> _TASK STATEMENT_:
Spot each line in the data below containing "elim" and copy it.

········

(* Every graph $G$ with $n$ vertices has an $xy^+$-monotone EPG-representation in a $3n\times 2n$-grid.
   Context: The $w\times h$-grid consists of all grid-points $(i,j)$ with integer coordinates $1\le i\le w$, $1\le j\le h$, and all grid-edges joining grid-points at distance $1$. An EPG-representation of a graph $G$ assigns to each vertex $v$ a path $\mathrm{path}(v)$ in the grid such that $(v,w)$ is an edge of $G$ if and only if $\mathrm{path}(v)$ and $\mathrm{path}(w)$ share a grid-edge. A grid path is $xy$-monotone if every vertical line and every horizontal line meeting it meets it in a single interval; it is $xy^+$-monotone if it is $xy$-monotone and its left endpoint is not above its right endpoint. An $xy^+$-monotone EPG-representation is one in which all vertex-paths are $xy^+$-monotone. *)

theory Defs
  imports "HOL-Analysis.Analysis"
begin

type_synonym gpoint = "int \<times> int"

definition in_grid :: "nat \<Rightarrow> nat \<Rightarrow> gpoint \<Rightarrow> bool" where
  "in_grid w h p \<longleftrightarrow> 1 \<le> fst p \<and> fst p \<le> int w \<and> 1 \<le> snd p \<and> snd p \<le> int h"

definition grid_adj :: "gpoint \<Rightarrow> gpoint \<Rightarrow> bool" where
  "grid_adj p q \<longleftrightarrow> \<bar>fst p - fst q\<bar> + \<bar>snd p - snd q\<bar> = 1"

definition grid_path :: "nat \<Rightarrow> nat \<Rightarrow> gpoint list \<Rightarrow> bool" where
  "grid_path w h ps \<longleftrightarrow> length ps \<ge> 2 \<and> distinct ps \<and> (\<forall>p\<in>set ps. in_grid w h p)
     \<and> (\<forall>i. Suc i < length ps \<longrightarrow> grid_adj (ps ! i) (ps ! Suc i))"

definition path_edges :: "gpoint list \<Rightarrow> gpoint set set" where
  "path_edges ps = {{ps ! i, ps ! Suc i} | i. Suc i < length ps}"

definition to_real2 :: "gpoint \<Rightarrow> real \<times> real" where
  "to_real2 p = (real_of_int (fst p), real_of_int (snd p))"

definition path_points :: "gpoint list \<Rightarrow> (real \<times> real) set" where
  "path_points ps = (\<Union>i\<in>{i. Suc i < length ps}. closed_segment (to_real2 (ps ! i)) (to_real2 (ps ! Suc i)))
                     \<union> to_real2 ` set ps"

definition xy_monotone :: "gpoint list \<Rightarrow> bool" where
  "xy_monotone ps \<longleftrightarrow>
     (\<forall>c::real. is_interval {y. (c, y) \<in> path_points ps} \<and> is_interval {x. (x, c) \<in> path_points ps})"

text \<open>xy+-monotone: xy-monotone and the left endpoint is not above the right endpoint.
  With endpoints p = first and q = last point, this means one can name them left/right
  so that the left one is weakly left of and weakly below the right one.\<close>
definition xy_plus_monotone :: "gpoint list \<Rightarrow> bool" where
  "xy_plus_monotone ps \<longleftrightarrow> xy_monotone ps \<and>
     (let p = hd ps; q = last ps in
        (fst p \<le> fst q \<and> snd p \<le> snd q) \<or> (fst q \<le> fst p \<and> snd q \<le> snd p))"

definition EPG_rep :: "'v set \<Rightarrow> ('v \<Rightarrow> 'v \<Rightarrow> bool) \<Rightarrow> nat \<Rightarrow> nat \<Rightarrow> ('v \<Rightarrow> gpoint list) \<Rightarrow> bool" where
  "EPG_rep V E w h pth \<longleftrightarrow> (\<forall>v\<in>V. grid_path w h (pth v)) \<and>
     (\<forall>v\<in>V. \<forall>u\<in>V. v \<noteq> u \<longrightarrow> (E v u \<longleftrightarrow> path_edges (pth v) \<inter> path_edges (pth u) \<noteq> {}))"

end

theory Submission
  imports Defs
begin

text \<open>Number the vertices \<open>1, \<dots>, n\<close>. Vertex \<open>i\<close> gets a staircase starting at
  \<open>(1, 2i)\<close>: it runs along row \<open>2i\<close> up to \<open>x = 3i\<close> and then climbs, each row \<open>2j\<close>
  (\<open>j > i\<close>) being left at \<open>x = 2i + j\<close>. Row \<open>2j\<close> is entered at \<open>x = 2i + j - 1\<close> if \<open>i\<close> and \<open>j\<close>
  are adjacent and at \<open>x = 2i + j\<close> otherwise; in the first case the staircase uses the
  grid-edge \<open>(2i + j - 1, 2j) -- (2i + j, 2j)\<close>, which lies on the initial horizontal run of
  vertex \<open>j\<close>. Staircases \<open>i < j\<close> can only meet on row \<open>2j\<close>, so this is the only edge they
  may share. Every step goes right or up, which makes the paths \<open>xy\<^sup>+\<close>-monotone.\<close>

lemma to_real2_mono: "p \<le> q \<Longrightarrow> to_real2 p \<le> to_real2 q"
  by (simp add: to_real2_def less_eq_prod_def)

lemma path_points_Nil [simp]: "path_points [] = {}"
  by (simp add: path_points_def)
definition paired_sets :: "nat \<Rightarrow> nat \<Rightarrow> nat set" where
  "paired_sets s i = (if i < s div 2 then {i, s div 2 + i}
    else if i = s div 2 \<and> odd s then {i, s - 1} else {i})"

lemma finite_paired_sets [simp]: "finite (paired_sets s i)"
  by (simp add: paired_sets_def)

lemma incidence_sum_paired_sets:
  assumes "2 \<le> s" "k < s"
  shows "incidence_sum s (paired_sets s) c k = (if k < s div 2 then c k else c (k - s div 2) + c k)"
proof -
  have "{j. j < s \<and> k \<in> paired_sets s j} = (if k < s div 2 then {k} else {k - s div 2, k})"
    using assms by (cases "even s") (auto simp: paired_sets_def elim!: evenE oddE)
  then show ?thesis
    using assms by (auto simp: incidence_sum_def)
qed

lemma paired_sets_kernel:
  fixes c :: "nat \<Rightarrow> bit"
  assumes s: "2 \<le> s"
    and gram: "\<forall>i<s. c i + (\<Sum>j<s. of_nat (card (paired_sets s i \<inter> paired_sets s j)) * c j) = 0"
  shows "\<forall>i<s. c i = 0"
proof -
  define m where "m = s div 2"
  have m: "1 \<le> m" "m < s" "s = 2 * m \<or> s = 2 * m + 1"
    using s by (auto simp: m_def)
  let ?W = "incidence_sum s (paired_sets s) c"
  have c: "\<forall>i<s. c i + (\<Sum>k\<in>paired_sets s i. ?W k) = 0"
    using gram by (simp only: sum_card_inter_eq_incidence_sum[OF finite_paired_sets])
  have W: "?W k = (if k < m then c k else c (k - m) + c k)" if "k < s" for k
    using incidence_sum_paired_sets[OF s that, of c] by (simp add: m_def)
  have single: "c (i - m) = 0" if "m \<le> i" "i < s" "\<not> (i = m \<and> odd s)" for i
  proof -
    have "paired_sets s i = {i}"
      using that by (auto simp: paired_sets_def m_def)
    then show ?thesis
      using c[rule_format, of i] W[of i] that by simp
  qed
  have pair: "c (m + t) = c t" if "t < m" for t
  proof -
    have "c t + (?W t + ?W (m + t)) = 0"
      using c[rule_format, of t] that m by (simp add: paired_sets_def m_def)
    then show ?thesis
      using W[of t] W[of "m + t"] that m by (auto simp: bit_add_eq_0_iff)
  qed
  have odd_m: "c m = 0" if "odd s"
    using single[of "2 * m"] m that by auto
  have low: "c t = 0" if "t < m" for t
  proof (cases "t = 0 \<and> odd s")
    case True
    then show ?thesis
      using pair[of 0] odd_m m by simp
  next
    case False
    then show ?thesis
      using single[of "m + t"] that m by auto
  qed
  have odd_top: "c (2 * m) = 0" if "odd s"
  proof -
    have "paired_sets s m = {m, 2 * m}"
      using that m by (auto simp: paired_sets_def m_def elim!: oddE)
    then have "c m + (?W m + ?W (2 * m)) = 0"
      using c[rule_format, of m] m by simp
    then show ?thesis
      using W[of m] W[of "2 * m"] low[of 0] odd_m that m by auto
  qed
  show ?thesis
  proof (intro allI impI)
    fix i assume "i < s"
    then have "i < m \<or> m \<le> i \<and> i - m < m \<or> odd s \<and> i = 2 * m"
      using m(3) by (auto elim: oddE)
    then show "c i = 0"
      using low pair[of "i - m"] odd_top by auto
  qed
qed
(* Let $\mathcal{E}$ be an even Dirichlet form on $L^2(X,m)$ and let $\mathfrak{D}$ be its Dirichlet space. Assume that every $f\in\mathfrak{D}$ is quasi-continuous and let $p>2$. Then the following are equivalent: (i) for every $q\in[2,p)$ there exists $C>0$ such that $\|f\|_{L^q(X,m)}\le C\|f\|_{\mathfrak{D}}$ for every $f\in\mathfrak{D}$; (ii) for every $q\in[2,p)$ there exists $C>0$ such that $C\,\mathrm{Cap}(A)\ge m(A)^{1/q}$ for every measurable $A\subseteq X$.
   Context: Standing setting: $X$ is a Hausdorff topological space and $m$ is a Borel measure on $X$ with full support, i.e. no nonempty open subset of $X$ has $m$-measure zero. $L^2(X,m)$ is the real $L^2$ space. A Dirichlet form is a functional $\mathcal{E}:L^2(X,m)\to[0,\infty]$ that is convex, lower semicontinuous and densely defined (its effective domain $\mathrm{dom}(\mathcal{E})=\{u:\mathcal{E}(u)<\infty\}$ is dense in $L^2(X,m)$), and such that for all $u,v\in L^2(X,m)$ and $\alpha>0$: (1) $\mathcal{E}(u\wedge v)+\mathcal{E}(u\vee v)\le \mathcal{E}(u)+\mathcal{E}(v)$; (2) $\mathcal{E}\big(v+\tfrac12((u-v+\alpha)_+-(u-v-\alpha)_-)\big)+\mathcal{E}\big(u-\tfrac12((u-v+\alpha)_+-(u-v-\alpha)_-)\big)\le \mathcal{E}(u)+\mathcal{E}(v)$, where $(\cdot)_+$, $(\cdot)_-$ denote positive and negative parts. $\mathcal{E}$ is called even if $\mathcal{E}(0)=0$ and $\mathcal{E}(-u)=\mathcal{E}(u)$ for all $u$. Set $\mathcal{E}_1(u)=\|u\|_{L^2(X,m)}^2+\mathcal{E}(u)$. The Dirichlet space is $\mathfrak{D}=\{u\in L^2(X,m):\exists\lambda>0,\ \mathcal{E}_1(\lambda u)<\infty\}$ with the Minkowski norm $\|u\|_{\mathfrak{D}}=\inf\{\lambda>0:\mathcal{E}_1(u/\lambda)\le 1\}$. Capacity: for $A\subseteq X$ let $\mathcal{L}_A=\{u\in L^2(X,m): u\ge 1\ m\text{-a.e. on } U \text{ for some open } U\supseteq A\}$ and define the norm-capacity $\mathrm{Cap}(A)=\inf\{\|u\|_{\mathfrak{D}}: u\in\mathcal{L}_A\}$ (with $\|u\|_{\mathfrak{D}}=\infty$ for $u\notin\mathfrak{D}$, $\inf\emptyset=\infty$). A function $f:X\to\mathbb{R}$ is quasi-continuous if for every $\varepsilon>0$ there is an open set $O\subseteq X$ with $\mathrm{Cap}(O)\le\varepsilon$ such that $f|_{X\setminus O}$ is continuous. An element $f\in L^2(X,m)$ is called quasi-continuous if it has a quasi-continuous representative, and $f$ is then identified with that representative. *)

theory Defs
  imports "HOL-Analysis.Analysis"
begin
(* Let $n\ge2$, let $\lambda_1\ge\dots\ge\lambda_n$ be real, and let $\mu_1\ge\dots\ge\mu_{n-1}$ be the critical points (with multiplicity) of $q(x)=\prod_{j=1}^n(x-\lambda_j)$. Let $N=n(n-1)$ and define $\lambda^*,\mu^*,\nu^*\in\mathbb R^N$ by: $\lambda^*$ consists of each $\lambda_j$ ($j=1,\dots,n$) repeated $n-1$ times; $\mu^*$ consists of each $\mu_k$ ($k=1,\dots,n-1$) repeated $n$ times; $\nu^*$ consists of each $\nu_j:=\frac{n-1}{n}\lambda_{j+1}+\frac1n\lambda_1$ ($j=1,\dots,n-1$) repeated $n$ times. Then $\nu^*\prec\mu^*\prec\lambda^*$. Moreover there exists a doubly stochastic $N\times N$ matrix $D$ with $\mu^*=D\lambda^*$.
   Context: For $x\in\mathbb R^N$, $x^{\downarrow}$ denotes the rearrangement of $x$ in non-increasing order. For $x,y\in\mathbb R^N$, $x\succ y$ (equivalently $y\prec x$), "$x$ majorizes $y$", means $\sum_{i=1}^k x^{\downarrow}_i\ge\sum_{i=1}^k y^{\downarrow}_i$ for all $k=1,\dots,N$, with equality for $k=N$. A real square matrix is doubly stochastic if its entries are non-negative and all row and column sums equal $1$. *)

theory Defs
  imports Complex_Main "HOL-Computational_Algebra.Polynomial"
begin

definition decr :: "real list \<Rightarrow> real list" where
  "decr x = rev (sort x)"
definition scl :: "complex \<Rightarrow> op \<Rightarrow> op" where
  "scl c A = (\<lambda>i j. c * A i j)"

definition is_op :: "nat \<Rightarrow> op \<Rightarrow> bool" where
  "is_op N A \<longleftrightarrow> (\<forall>i j. (N \<le> i \<or> N \<le> j) \<longrightarrow> A i j = 0)"

definition unitary_op :: "nat \<Rightarrow> op \<Rightarrow> bool" where
  "unitary_op N A \<longleftrightarrow> is_op N A \<and> mmul N (adj A) A = idop N \<and> mmul N A (adj A) = idop N"

text \<open>Computational basis of (C^2)^{tensor n}: basis vector |s>, s < 2^n, whose
  j-th qubit is the j-th bit of s.\<close>

definition bits :: "nat \<Rightarrow> nat \<Rightarrow> nat set" where
  "bits n s = {j. j < n \<and> bit s j}"

definition symd :: "'a set \<Rightarrow> 'a set \<Rightarrow> 'a set" where
  "symd A B = (A - B) \<union> (B - A)"

text \<open>The n-qubit Pauli operator  i^c X^a Z^b  (X on the qubits in a, Z on the qubits in b).\<close>

definition pauli :: "nat \<Rightarrow> nat set \<Rightarrow> nat set \<Rightarrow> nat \<Rightarrow> op" where
  "pauli n a b c = (\<lambda>r s. if r < 2^n \<and> s < 2^n \<and> bits n r = symd (bits n s) a
       then \<i> ^ c * (-1) ^ card (b \<inter> bits n s) else 0)"

definition pauli_group :: "nat \<Rightarrow> op set" where
  "pauli_group n = {pauli n a b c | a b c. a \<subseteq> {..<n} \<and> b \<subseteq> {..<n}}"

text \<open>The group Z_2^m, realised as subsets of {0..<m} under symmetric difference.\<close>

definition Gc :: "nat \<Rightarrow> nat set set" where
  "Gc m = Pow {..<m}"

text \<open>Its character group: homomorphisms to {1,-1} (extensional: 0 outside the carrier);
  the group operation is pointwise multiplication.\<close>

definition chars :: "nat \<Rightarrow> (nat set \<Rightarrow> complex) set" where
  "chars m = {\<chi>. (\<forall>g\<in>Gc m. \<chi> g = 1 \<or> \<chi> g = -1)
                 \<and> (\<forall>g\<in>Gc m. \<forall>h\<in>Gc m. \<chi> (symd g h) = \<chi> g * \<chi> h)
                 \<and> (\<forall>g. g \<notin> Gc m \<longrightarrow> \<chi> g = 0)}"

········

> _COMPLETED TASK_:
    using assms by (cases "even s") (auto simp: paired_sets_def elim!: evenE oddE)
      using that m by (auto simp: paired_sets_def m_def elim!: oddE)
      using m(3) by (auto elim: oddE)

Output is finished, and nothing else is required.